DENVER -- Costs for individual health-care coverage could increase by as much as 40 percent next year, if insurance companies get their way with the Colorado Division of Insurance.

Insurers paid more claims than anticipated because people enrolled in individual plans have used more health-care services, according to the division's preliminary report. Adam Fox, director of strategic engagement for the Colorado Consumer Health Initiative, said the agency's next step is to see if the proposed rate hikes add up.

"If they don't, they will be asking insurers to reduce their rates," he said. "As we have seen in years past, that ends up saving Colorado consumers millions of dollars."

Fox said the initial filing shows that small employer plans could see single-digit increases or even lower premiums. He added that individuals who qualify for financial assistance through Connect for Health Colorado would get additional tax credits to help defray any rate increases.

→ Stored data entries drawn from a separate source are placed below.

(* Let $F\in\mathbb C[x,y,s,t]$, and let $G\in\mathbb C[x,y]\setminus\mathbb C$ and $K\in\mathbb C[s,t]\setminus\mathbb C$ be squarefree. Then $Z(G)\times Z(K)\subset Z(F)$ if and only if $F$ is $(G,K)$-Cartesian.
   Context: $Z(\cdot)$ denotes the complex zero set; $Z(G)\subset\mathbb C^2$ in coordinates $(x,y)$, $Z(K)\subset\mathbb C^2$ in coordinates $(s,t)$, and $Z(F)\subset\mathbb C^4$. A polynomial is squarefree if it has no repeated irreducible factors. $F$ is $(G,K)$-Cartesian if $F=G(x,y)H(x,y,s,t)+K(s,t)L(x,y,s,t)$ for some $H,L\in\mathbb C[x,y,s,t]$. *)

theory Defs
  imports "HOL-Computational_Algebra.Computational_Algebra"
begin

text \<open>C[x,y] = (C[x])[y] : type complex poly poly, x innermost, y outermost.
  C[s,t] = (C[s])[t] : type complex poly poly, s innermost, t outermost.
  C[x,y,s,t] = (((C[x])[y])[s])[t] : type complex poly poly poly poly.\<close>

type_synonym cpoly2 = "complex poly poly"
type_synonym cpoly4 = "complex poly poly poly poly"

definition eval2 :: "cpoly2 \<Rightarrow> complex \<Rightarrow> complex \<Rightarrow> complex" where
  "eval2 P a b = poly (poly P [:b:]) a"

definition eval4 :: "cpoly4 \<Rightarrow> complex \<Rightarrow> complex \<Rightarrow> complex \<Rightarrow> complex \<Rightarrow> complex" where
  "eval4 P x y s t = poly (poly (poly (poly P [:[:[:t:]:]:]) [:[:s:]:]) [:y:]) x"

definition is_const2 :: "cpoly2 \<Rightarrow> bool" where
  "is_const2 P \<longleftrightarrow> (\<exists>c. P = [:[:c:]:])"

definition embed_xy :: "cpoly2 \<Rightarrow> cpoly4" where
  "embed_xy G = [:[:G:]:]"

definition embed_st :: "cpoly2 \<Rightarrow> cpoly4" where
  "embed_st K = map_poly (map_poly (\<lambda>c. [:[:c:]:])) K"

definition cartesian :: "cpoly2 \<Rightarrow> cpoly2 \<Rightarrow> cpoly4 \<Rightarrow> bool" where
  "cartesian G K F \<longleftrightarrow> (\<exists>H L. F = embed_xy G * H + embed_st K * L)"

end

theory Submission
  imports Defs "HOL-Computational_Algebra.Field_as_Ring"
begin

While United and Humana will not offer individual plans in 2017, he said, the introduction of Bright Health -- a new insurer -- could help keep rates competitive. He noted that the proposed increases are especially troubling for areas of the state where fewer plans and carriers are available, and more needs to be done to bring health costs in line.

"We really need to grapple with the underlying health-care costs," he said. "Health insurers should be doing more to control costs, but they don't have all the keys to that, and we really need to get a better handle on the underlying costs."

Because the Division of Insurance has the authority to make sure premium increases aren't discriminatory and are justified based on 2016 costs, Fox said, it's important for consumers to weigh in on the proposal by contacting the agency directly.

The DOI report is online at colorado.gov.